Collected data entries

# # # #

lemma ratio_deviation_young:
  assumes [measurable]: "N \<in> borel_measurable M" "R \<in> borel_measurable M"
    and R0: "\<And>\<omega>. R \<omega> \<ge> 0" and Rpos: "AE \<omega> in M. R \<omega> > 0" and x: "x > 0" and p: "p > 1"
    and H: "\<And>t. t \<in> {-c..c} \<Longrightarrow> (\<integral>\<^sup>+\<omega>. ennreal (exp (t * (N \<omega> - m * R \<omega>) - L t * R \<omega>)) \<partial>M) \<le> 1"
  shows "measure M {\<omega> \<in> space M. \<bar>N \<omega> / R \<omega> - m\<bar> \<ge> x}
    \<le> 2 * (integral\<^sup>L M (\<lambda>\<omega>. exp (- (p - 1) * gw_J M Y m c x * R \<omega>))) powr (1 / p)"
proof -
  have pJ: "0 \<le> (p - 1) * gw_J M Y m c x" using p gw_J_nonneg by simp
  have tail: "measure M (overshoot_event M (\<lambda>\<omega>. N \<omega> - m * R \<omega>) R a)
      \<le> (integral\<^sup>L M (\<lambda>\<omega>. exp (- ((p - 1) * gw_J M Y m c x) * R \<omega>))) powr (1 / p)" if "a \<in> {x, - x}" for a
  proof -
    have "gw_J M Y m c x \<le> gw_I M Y m c a" using that by (auto simp: gw_J_def)
    with that x p show ?thesis
      by (intro order.trans[OF overshoot_young_rate[OF _ _ R0 _ p H]] powr_mono2
            integral_exp_neg_antimono[OF _ R0 pJ] integral_nonneg_AE mult_left_mono) auto
  qed
  have "(\<lambda>\<omega>. exp (- ((p - 1) * gw_J M Y m c x) * R \<omega>)) = (\<lambda>\<omega>. exp (- (p - 1) * gw_J M Y m c x * R \<omega>))"
    by (rule ext) (simp only: minus_mult_left mult.assoc)
  then show ?thesis
    using ratio_deviation_le[OF _ _ Rpos x, of N m] tail[of x] tail[of "- x"] by simp
qed

end


lemma le_twice_INF:
  fixes g :: "real \<Rightarrow> real"
  assumes "\<And>p. p > 1 \<Longrightarrow> P \<le> 2 * g p"
  shows "P \<le> 2 * (INF p\<in>{1<..}. g p)"
proof -
  have "P / 2 \<le> (INF p\<in>{1<..}. g p)"
    by (rule cINF_greatest) (use assms in \<open>force+\<close>)
  thus ?thesis by simp
qed

theorem corollary5p3:
  fixes M :: "'a measure" and Y :: "nat \<Rightarrow> nat \<Rightarrow> 'a \<Rightarrow> nat"
    and m c x :: real and n :: nat
  assumes "prob_space M"
    and indep: "prob_space.indep_vars M (\<lambda>_. count_space UNIV) (\<lambda>(i, k). Y i k)
                  {(i, k). 1 \<le> i \<and> 1 \<le> k}"
    and ident: "\<And>i k. 1 \<le> i \<Longrightarrow> 1 \<le> k \<Longrightarrow>
                  distr M (count_space UNIV) (Y i k) = distr M (count_space UNIV) (Y 1 1)"
    and mean_int: "integrable M (\<lambda>\<omega>. real (Y 1 1 \<omega>))"
    and m_def: "m = integral\<^sup>L M (\<lambda>\<omega>. real (Y 1 1 \<omega>))"
    and m_gt: "m > 1"
    and var_fin: "integrable M (\<lambda>\<omega>. (real (Y 1 1 \<omega>))\<^sup>2)"
    and nonext: "AE \<omega> in M. \<forall>j. gw_X Y j \<omega> \<noteq> 0"
    and c_pos: "c > 0"
    and mgf_fin: "\<And>t. t \<in> {-c..c} \<Longrightarrow> integrable M (\<lambda>\<omega>. exp (t * (real (Y 1 1 \<omega>) - m)))"
    and n_pos: "n \<ge> 1"
    and x_pos: "x > 0"
  shows
    "measure M {\<omega> \<in> space M. \<bar>real (gw_X Y n \<omega>) / real (gw_X Y (n - 1) \<omega>) - m\<bar> \<ge> x}
       \<le> 2 * integral\<^sup>L M (\<lambda>\<omega>. exp (- gw_J M Y m c x * real (gw_X Y (n - 1) \<omega>)))
     \<and> measure M {\<omega> \<in> space M. \<bar>real (gw_X Y n \<omega>) / real (gw_X Y (n - 1) \<omega>) - m\<bar> \<ge> x}
       \<le> 2 * (INF p\<in>{1<..}. (integral\<^sup>L M
              (\<lambda>\<omega>. exp (- (p - 1) * gw_J M Y m c x * real (gw_X Y (n - 1) \<omega>)))) powr (1 / p))
     \<and> measure M {\<omega> \<in> space M.
          \<bar>real (\<Sum>k = 1..n. gw_X Y k \<omega>) / real (\<Sum>k = 1..n. gw_X Y (k - 1) \<omega>) - m\<bar> \<ge> x}
       \<le> 2 * (INF p\<in>{1<..}. (integral\<^sup>L M
              (\<lambda>\<omega>. exp (- (p - 1) * gw_J M Y m c x * real (\<Sum>k = 0..n - 1. gw_X Y k \<omega>)))) powr (1 / p))"
proof -
  interpret galton_watson M Y m c
    by (intro galton_watson.intro galton_watson_axioms.intro assms)
  define N1 where "N1 \<omega> = real (gw_X Y n \<omega>)" for \<omega>
  define R1 where "R1 \<omega> = real (gw_X Y (n - 1) \<omega>)" for \<omega>
  define N2 where "N2 \<omega> = real (\<Sum>k = 1..n. gw_X Y k \<omega>)" for \<omega>
  define R2 where "R2 \<omega> = real (\<Sum>k = 1..n. gw_X Y (k - 1) \<omega>)" for \<omega>
  have [measurable]: "N1 \<in> borel_measurable M" "R1 \<in> borel_measurable M"
    "N2 \<in> borel_measurable M" "R2 \<in> borel_measurable M"
    unfolding N1_def R1_def N2_def R2_def by measurable
  have cramer: "(\<integral>\<^sup>+\<omega>. ennreal (exp (t * (N1 \<omega> - m * R1 \<omega>) - l * R1 \<omega>)) \<partial>M)
      = (\<integral>\<^sup>+\<omega>. ennreal (exp (- (l - L t) * R1 \<omega>)) \<partial>M)" if "t \<in> {-c..c}" for t l
    using one_step_exponential_identity[OF n_pos that] by (simp add: N1_def R1_def)
  have R1_pos: "AE \<omega> in M. R1 \<omega> > 0"
    using nonext by eventually_elim (simp add: R1_def)
  txt \<open>Cumulative estimator: the exponential martingale has mean one, and R2 \<ge> X 0 = 1.\<close>
  have martingale: "(\<integral>\<^sup>+\<omega>. ennreal (exp (t * (N2 \<omega> - m * R2 \<omega>) - L t * R2 \<omega>)) \<partial>M) \<le> 1"
    if "t \<in> {-c..c}" for t
    using exp_martingale_mean_one[OF that, of n]
    by (simp add: exp_martingale_def N2_def R2_def sum_subtractf sum_distrib_left)
  have R2_pos: "R2 \<omega> > 0" for \<omega>
    using member_le_sum[of 1 "{1..n}" "\<lambda>k. real (gw_X Y (k - 1) \<omega>)"] n_pos by (simp add: R2_def)
  have R2_shift: "R2 \<omega> = real (\<Sum>k = 0..n - 1. gw_X Y k \<omega>)" for \<omega>
  proof -
    obtain n' where n': "n = Suc n'" using n_pos by (cases n) auto
    show ?thesis unfolding R2_def n' One_nat_def sum.atLeast_Suc_atMost_Suc_shift by (simp del: gw_X.simps)
  qed
  have "measure M {\<omega> \<in> space M. \<bar>N1 \<omega> / R1 \<omega> - m\<bar> \<ge> x}
      \<le> 2 * integral\<^sup>L M (\<lambda>\<omega>. exp (- gw_J M Y m c x * R1 \<omega>))"
    by (rule ratio_deviation_markov[OF _ _ _ R1_pos x_pos cramer]) (auto simp: R1_def)
  moreover have "measure M {\<omega> \<in> space M. \<bar>N1 \<omega> / R1 \<omega> - m\<bar> \<ge> x}
      \<le> 2 * (INF p\<in>{1<..}. (integral\<^sup>L M (\<lambda>\<omega>. exp (- (p - 1) * gw_J M Y m c x * R1 \<omega>))) powr (1 / p))"
    using cramer[of _ "L _"] emeasure_space_1
    by (intro le_twice_INF ratio_deviation_young[OF _ _ _ R1_pos x_pos]) (auto simp: R1_def)
  moreover have "measure M {\<omega> \<in> space M. \<bar>N2 \<omega> / R2 \<omega> - m\<bar> \<ge> x}
      \<le> 2 * (INF p\<in>{1<..}. (integral\<^sup>L M (\<lambda>\<omega>. exp (- (p - 1) * gw_J M Y m c x * R2 \<omega>))) powr (1 / p))"
    using R2_pos martingale
    by (intro le_twice_INF ratio_deviation_young[OF _ _ _ _ x_pos] AE_I2) (auto intro: less_imp_le)
  ultimately show ?thesis
    unfolding N1_def[symmetric] R1_def[symmetric] N2_def[symmetric] R2_def[symmetric] R2_shift[symmetric]
    by blast
qed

# # # #

Search the data for the string "nonext" and copy every line where it appears.

    and nonext: "AE \<omega> in M. \<forall>j. gw_X Y j \<omega> \<noteq> 0"
    using nonext by eventually_elim (simp add: R1_def)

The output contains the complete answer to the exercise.